The method for manufacturing the electronic device according to the present disclosure uses a microchannel plate with regularly and densely aligned high aspect ratio microchannels as a mold. Therefore, it does not require the etching process necessary for forming conventional trench structures, thus fundamentally solving the technical limitations associated with the formation of high aspect ratio trench structures and the problem of increased process costs during the formation of the trench structures.

The microchannel plate can be used with a carrier substrate attached to one side. The carrier substrate is attached to facilitate thickness adjustment and processing of the microchannel plate and can be used in its attached state to help with structural stability during the manufacturing process if it does not affect subsequent processes. The material of the carrier substrate can include, for example, single-crystal silicon, polysilicon, hard glass, or silicon oxide, but is not limited to these. Additionally, when using a microchannel plate with an attached carrier substrate, an additional step of removing the carrier substrate can be included after step (D).

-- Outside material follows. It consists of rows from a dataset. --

lemma adj_resolving_bit_clique_graph: "adj_resolving {..<k + 2^k} (bit_clique_graph k) {..<k}"
  unfolding adj_resolving_def
proof (intro conjI ballI impI)
  fix x y assume x: "x \<in> {..<k + 2^k}" and y: "y \<in> {..<k + 2^k}" and "x \<noteq> y"
  show "\<exists>z\<in>{..<k}. dist_trunc (bit_clique_graph k) 1 x z \<noteq> dist_trunc (bit_clique_graph k) 1 y z"
  proof (cases "x < k \<or> y < k")
    case True
    thus ?thesis using dist_trunc_1_self_ne \<open>x \<noteq> y\<close> by (metis lessThan_iff)
  next
    case False
    with x y \<open>x \<noteq> y\<close> have "x - k < 2^k" "y - k < 2^k" "x - k \<noteq> y - k" by auto
    then obtain z where z: "z < k" "bit (x - k) z \<noteq> bit (y - k) z"
      using ex_bit_neq_if_neq by blast
    with x y False have "bit_clique_graph k x z \<noteq> bit_clique_graph k y z"
      unfolding bit_clique_graph_def by auto
    with z False show ?thesis
      using dist_trunc_1_eq[of _ x z] dist_trunc_1_eq[of _ y z] by (intro bexI[of _ z]) auto
  qed
qed simp

lemma resolving_broadcast_bit_clique_graph:
  "resolving_broadcast {..<k + 2^k} (bit_clique_graph k) (\<lambda>v. if v < k then 1 else 0)"
  unfolding resolving_broadcast_def
proof (intro conjI ballI allI impI)
  fix x y assume "x \<in> {..<k + 2^k}" "y \<in> {..<k + 2^k}" "x \<noteq> y"
  then obtain z where "z < k" "dist_trunc (bit_clique_graph k) 1 x z \<noteq> dist_trunc (bit_clique_graph k) 1 y z"
    using adj_resolving_bit_clique_graph unfolding adj_resolving_def by blast
  thus "\<exists>z\<in>{..<k + 2^k}. 0 < (if z < k then 1 else 0::nat) \<and>
    dist_trunc (bit_clique_graph k) (if z < k then 1 else 0) x z \<noteq>
    dist_trunc (bit_clique_graph k) (if z < k then 1 else 0) y z"
    by (intro bexI[of _ z]) auto
qed simp

lemma sum_landmark_indicator: "(\<Sum>v\<in>{..<k + 2^k}. (if v < k then 1 else 0::nat)) = k"
proof -
  have "{..<k + 2^k} \<inter> {v. v < k} = {..<k}" by auto
  thus ?thesis by (simp add: sum.If_cases)
qed

lemma bit_clique_graph_extremal:
  "adim {..<k + 2^k} (bit_clique_graph k) = k \<and> bdim {..<k + 2^k} (bit_clique_graph k) = k
     \<and> clique_number {..<k + 2^k} (bit_clique_graph k) = 2 ^ k"
proof -
  let ?V = "{..<k + 2^k}" and ?E = "bit_clique_graph k"
  note g = graph_bit_clique_graph and cl = is_clique_bit_clique_graph
  have "adim ?V ?E \<le> k"
    unfolding adim_def by (rule Least_le)
      (use adj_resolving_bit_clique_graph in \<open>intro exI[of _ "{..<k}"], simp\<close>)
  moreover have "k \<le> adim ?V ?E"
    using card_clique_le_2_power_adim[OF g cl] by (simp add: power_le_imp_le_exp)
  moreover have "bdim ?V ?E \<le> k"
    unfolding bdim_def by (rule Least_le)
      (use resolving_broadcast_bit_clique_graph sum_landmark_indicator
        in \<open>intro exI[of _ "\<lambda>v. if v < k then 1 else 0"], simp\<close>)
  moreover have "k \<le> bdim ?V ?E"
    using card_clique_le_2_power_bdim[OF g cl] by (simp add: power_le_imp_le_exp)
  moreover have "clique_number ?V ?E \<le> 2 ^ adim ?V ?E"
    using g by (rule clique_number_le_2_power_adim)
  moreover have "2^k \<le> clique_number ?V ?E" using card_le_clique_number[OF g cl] by simp
  ultimately show ?thesis by simp
qed

theorem corollary3p7:
  fixes k :: nat
  assumes "k \<ge> 1"
  shows "(\<forall>(V :: 'a set) E. graph V E \<and> adim V E = k \<longrightarrow> clique_number V E \<le> 2 ^ k)
       \<and> (\<forall>(V :: 'a set) E. graph V E \<and> bdim V E = k \<longrightarrow> clique_number V E \<le> 2 ^ k)
       \<and> (\<exists>(V :: nat set) E. graph V E \<and> adim V E = k \<and> bdim V E = k
              \<and> clique_number V E = 2 ^ k)"
  using clique_number_le_2_power_adim clique_number_le_2_power_bdim
    graph_bit_clique_graph bit_clique_graph_extremal by metis

end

For manufacturing high-density electronic device, it is preferable that the aspect ratio of the microchannels in the microchannel plate is between 30 and 1000. The aspect ratio of the microchannels in the thin film structure of the electronic device of the present disclosure is determined by the aspect ratio of the microchannels in the microchannel plate and the thickness of the thin film structure. Thus, an increase in the aspect ratio of the microchannels leads to an increase in the aspect ratio of the unit structure, enabling the manufacturing of high-density device. The diameter of the microchannels in the microchannel plate also influences the density of the electronic device. It is preferable for the diameter of the microchannels in the microchannel plate to be 5 μm or less, more preferably 2 μm or less, and even more preferably 1 μm. The open area ratio of the microchannel plate, determined by the diameter of the microchannels and their spacing, is preferably 50% or more, and more preferably 60% or more.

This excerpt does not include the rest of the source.